Can the SolarSquare Series C turn it into a home energy brand?

It might. But this only works if SolarSquare can keep service quality tight while expanding fast, because residential solar gets ugly when installs scale faster than maintenance, financing, or support. The next things to watch are simple: how quickly it enters new cities, whether battery storage becomes a real revenue layer, and whether its performance-guarantee model still holds up when the customer base gets much larger.

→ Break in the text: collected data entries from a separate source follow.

lemma lux_holder:
  fixes f e1 e2 :: "real ^ 'n \<Rightarrow> real" and qm s :: real
  assumes Q: "Q \<in> lmeasurable" "0 < measure lebesgue Q"
    and "\<And>x. x \<notin> Q \<Longrightarrow> f x = 0"
    and "f \<in> borel_measurable lebesgue" "e2 \<in> borel_measurable lebesgue"
    and "0 < qm" "\<And>x. qm \<le> e1 x" "0 < s" "\<And>x. 0 < e2 x"
    and "\<And>x. 1 / e1 x = 1 / e2 x + 1 / s"
  shows "lux e1 f \<le> ennreal (2 powr (1/qm) * measure lebesgue Q powr (1/s)) * lux e2 f"
proof (rule lux_le_scaled)
  show "0 < 2 powr (1/qm) * measure lebesgue Q powr (1/s)" using Q by simp
  fix t :: real assume "0 < t" "lux_modular e2 f t \<le> 1"
  have "lux_modular e1 f (2 powr (1/qm) * measure lebesgue Q powr (1/s) * t)
      \<le> (lux_modular e2 f t + 1) / 2"
    using assms \<open>0 < t\<close> by (intro lux_modular_holder) auto
  also have "\<dots> \<le> (1 + 1) / 2"
    using \<open>lux_modular e2 f t \<le> 1\<close> by (intro divide_right_mono_ennreal add_right_mono)
  finally show "lux_modular e1 f (2 powr (1/qm) * measure lebesgue Q powr (1/s) * t) \<le> 1"
    by simp
qed

lemma measure_cube_pos:
  assumes "Q \<in> cubes"
  shows "Q \<in> lmeasurable" "0 < measure lebesgue Q"
proof -
  obtain a l where Q: "Q = cbox a (a + l *\<^sub>R One)" and "0 < l"
    using assms by (auto simp: cubes_def)
  show "Q \<in> lmeasurable" by (simp add: Q)
  have "\<forall>i\<in>Basis. a \<bullet> i < (a + l *\<^sub>R One) \<bullet> i"
    using \<open>0 < l\<close> by (simp add: inner_left_distrib)
  then show "0 < measure lebesgue Q"
    unfolding Q by (simp add: content_pos_lt)
qed

lemma lux_le_shifted_exponent_cube:
  fixes q f :: "real ^ 'n \<Rightarrow> real" and s :: ereal
  assumes "P0 q" "ereal (pplus q) < s" "Q \<in> cubes"
    and "f \<in> borel_measurable lebesgue" "\<And>x. x \<notin> Q \<Longrightarrow> f x = 0"
  shows "lux (\<lambda>x. 1 / (1 / q x - einv \<infinity>)) f
    \<le> ennreal (2 powr (1 / pminus q) * measure lebesgue Q powr einv s)
      * lux (\<lambda>x. 1 / (1 / q x - einv s)) f"
proof -
  have "0 < pminus q" using \<open>P0 q\<close> by (simp add: P0_def)
  have q_bounds: "pminus q \<le> q x" "q x \<le> pplus q" for x
    using \<open>P0 q\<close> unfolding P0_def pminus_def pplus_def by (auto intro: cInf_lower cSup_upper)
  have q_meas: "q \<in> borel_measurable lebesgue" using \<open>P0 q\<close> by (simp add: P0_def)
  show ?thesis
  proof (cases s)
    case (real sr)
    have q_pos: "0 < q x" and q_less: "q x < sr" for x
      using \<open>0 < pminus q\<close> q_bounds[of x] \<open>ereal (pplus q) < s\<close> real by auto
    have "0 < sr" using q_pos q_less by (meson order.strict_trans)
    have "1 / sr < 1 / q x" for x using q_pos q_less by (simp add: frac_less2)
    then have "lux (\<lambda>x. 1 / (1 / q x)) f
        \<le> ennreal (2 powr (1 / pminus q) * measure lebesgue Q powr (1 / sr))
          * lux (\<lambda>x. 1 / (1 / q x - 1 / sr)) f"
      using assms \<open>0 < sr\<close> \<open>0 < pminus q\<close> q_bounds q_meas measure_cube_pos[OF \<open>Q \<in> cubes\<close>]
      by (intro lux_holder) auto
    then show ?thesis by (simp add: einv_def real)
  next
    case PInf
    have "1 \<le> ennreal (2 powr (1 / pminus q))" using \<open>0 < pminus q\<close> by (simp add: ge_one_powr_ge_zero)
    then have "lux (\<lambda>x. 1 / (1 / q x)) f \<le> ennreal (2 powr (1 / pminus q)) * lux (\<lambda>x. 1 / (1 / q x)) f"
      using mult_right_mono[of 1] by fastforce
    \<comment> \<open>\<open>0 powr 0 = 0\<close>, so \<open>|Q|\<^sup>0 = 1\<close> needs \<open>|Q| > 0\<close>\<close>
    then show ?thesis
      using PInf measure_cube_pos[OF \<open>Q \<in> cubes\<close>] by (simp add: einv_def)
  next
    case MInf
    then show ?thesis using \<open>ereal (pplus q) < s\<close> by simp
  qed
qed

definition Acube ::
  "nat \<Rightarrow> (nat \<Rightarrow> real ^ 'n \<Rightarrow> real) \<Rightarrow> (real ^ 'n \<Rightarrow> real) \<Rightarrow> (nat \<Rightarrow> real) \<Rightarrow> ereal
     \<Rightarrow> (nat \<Rightarrow> real ^ 'n \<Rightarrow> real) \<Rightarrow> (real ^ 'n) set \<Rightarrow> ennreal" where
  "Acube m p q r s w Q =
     ennreal (measure lebesgue Q powr (gam m p q - ((\<Sum>j<m. 1 / r j) - einv s)))
   * lux (\<lambda>x. 1 / (1 / q x - einv s)) (\<lambda>x. indicator Q x * (\<Prod>j<m. w j x))
   * (\<Prod>j<m. lux (\<lambda>x. 1 / (1 / r j - 1 / p j x)) (\<lambda>x. indicator Q x * inverse (w j x)))"

lemma Aconst_eq_SUP_Acube: "Aconst m p q r s w = (SUP Q\<in>cubes. Acube m p q r s w Q)"
  by (simp add: Aconst_def Acube_def)

lemma Acube_infinity_le:
  fixes q :: "real ^ 'n \<Rightarrow> real" and s :: ereal
  assumes "P0 q" "ereal (pplus q) < s" "Q \<in> cubes"
    and w_meas: "\<forall>j<m. w j \<in> borel_measurable lebesgue"
  shows "Acube m p q r \<infinity> w Q \<le> ennreal (2 powr (1 / pminus q)) * Acube m p q r s w Q"
proof -
  define f where "f = (\<lambda>x. indicator Q x * (\<Prod>j<m. w j x))"
  define P where "P = (\<Prod>j<m. lux (\<lambda>x. 1 / (1 / r j - 1 / p j x)) (\<lambda>x. indicator Q x * inverse (w j x)))"
  define g where "g = gam m p q - (\<Sum>j<m. 1 / r j)"
  have "Q \<in> sets lebesgue" using measure_cube_pos(1)[OF \<open>Q \<in> cubes\<close>] by auto
  then have "f \<in> borel_measurable lebesgue"
    unfolding f_def using w_meas
    by (intro borel_measurable_times borel_measurable_indicator borel_measurable_prod) auto
  then have "lux (\<lambda>x. 1 / (1 / q x - einv \<infinity>)) f
      \<le> ennreal (2 powr (1 / pminus q) * measure lebesgue Q powr einv s)
        * lux (\<lambda>x. 1 / (1 / q x - einv s)) f"
    using assms by (intro lux_le_shifted_exponent_cube) (auto simp: f_def)
  then have "Acube m p q r \<infinity> w Q
      \<le> ennreal (measure lebesgue Q powr g)
        * (ennreal (2 powr (1 / pminus q) * measure lebesgue Q powr einv s)
          * lux (\<lambda>x. 1 / (1 / q x - einv s)) f) * P"
    unfolding Acube_def by (simp add: f_def P_def g_def einv_def mult_right_mono mult_left_mono)
  also have "\<dots> = ennreal (2 powr (1 / pminus q))
      * (ennreal (measure lebesgue Q powr (g + einv s)) * lux (\<lambda>x. 1 / (1 / q x - einv s)) f * P)"
    by (simp add: powr_add ennreal_mult mult_ac)
  also have "\<dots> = ennreal (2 powr (1 / pminus q)) * Acube m p q r s w Q"
    by (simp add: Acube_def f_def P_def g_def algebra_simps)
  finally show ?thesis .
qed

lemma Aconst_infinity_le:
  fixes q :: "real ^ 'n \<Rightarrow> real" and s :: ereal
  assumes "P0 q" "ereal (pplus q) < s" "\<forall>j<m. w j \<in> borel_measurable lebesgue"
  shows "Aconst m p q r \<infinity> w \<le> ennreal (2 powr (1 / pminus q)) * Aconst m p q r s w"
  unfolding Aconst_eq_SUP_Acube SUP_mult_left_ennreal
  using assms by (intro SUP_subset_mono) (auto intro: Acube_infinity_le)

theorem mainTheorem9:
  fixes q :: "real ^ 'n \<Rightarrow> real" and s :: ereal
  shows "\<exists>C>0. \<forall>(m::nat) (p::nat \<Rightarrow> real ^ 'n \<Rightarrow> real) (r::nat \<Rightarrow> real) (w::nat \<Rightarrow> real ^ 'n \<Rightarrow> real).
           proper_admissible m p q r s \<and> (\<forall>j<m. weight (w j)) \<and> Aconst m p q r s w < \<infinity>
           \<longrightarrow> Aconst m p q r \<infinity> w < \<infinity> \<and> Aconst m p q r \<infinity> w \<le> ennreal C * Aconst m p q r s w"
proof (intro exI[of _ "2 powr (1 / pminus q)"] conjI allI impI)
  show "0 < 2 powr (1 / pminus q)" by simp
  fix m p r w
  assume hyps: "proper_admissible m p q r s \<and> (\<forall>j<m. weight (w j)) \<and> Aconst m p q r s w < \<infinity>"
  then have "P0 q" "ereal (pplus q) < s" "\<forall>j<m. w j \<in> borel_measurable lebesgue"
    by (auto simp: proper_admissible_def admissible_def weight_def)
  then show "Aconst m p q r \<infinity> w \<le> ennreal (2 powr (1 / pminus q)) * Aconst m p q r s w"
    by (rule Aconst_infinity_le)
  also have "\<dots> < \<infinity>" using hyps by (simp add: ennreal_mult_less_top)
  finally show "Aconst m p q r \<infinity> w < \<infinity>" .
qed

end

Read how Probably AI raised a $9M seed led by Andreessen Horowitz to build a reliability-first AI platform that verifies outputs against real data, helping enterprises run natural-language analytics without the hallucinations and accuracy risks that plague traditional LLM workflows.

FAQ

  • What happened in SolarSquare’s latest funding round? SolarSquare raised $53 million in a Series C round led by B Capital on June 16, 2026. Existing backers including Lightspeed, Elevation Capital, Lowercarbon Capital, Rainmatter, and Good Capital also joined, pushing the startup’s total funding past $100 million.
  • How does SolarSquare work for a homeowner? It works as an end-to-end rooftop solar service rather than a simple equipment sale. A customer starts with a rooftop survey and 3D design. Then SolarSquare handles installation and subsidy paperwork. It also provides financing support, app-based monitoring, and 5 years of maintenance after the system is live.
  • Who are the founders of SolarSquare? SolarSquare was founded in 2015 by Shreya Mishra, Neeraj Jain, and Nikhil Nahar. Mishra came from BCG and also co-founded Flyrobe, Jain previously worked at Deutsche Bank, and Nahar had earlier operating experience at Panasonic India before helping build the rooftop solar company.
  • Is SolarSquare a solar installer or a broader home energy company? Right now it’s both, or at least that’s the direction. The company already runs a full-stack residential rooftop solar model, and the new round is meant to expand its home-energy offering into financing, battery storage, and energy management, which pushes it beyond a traditional installer category.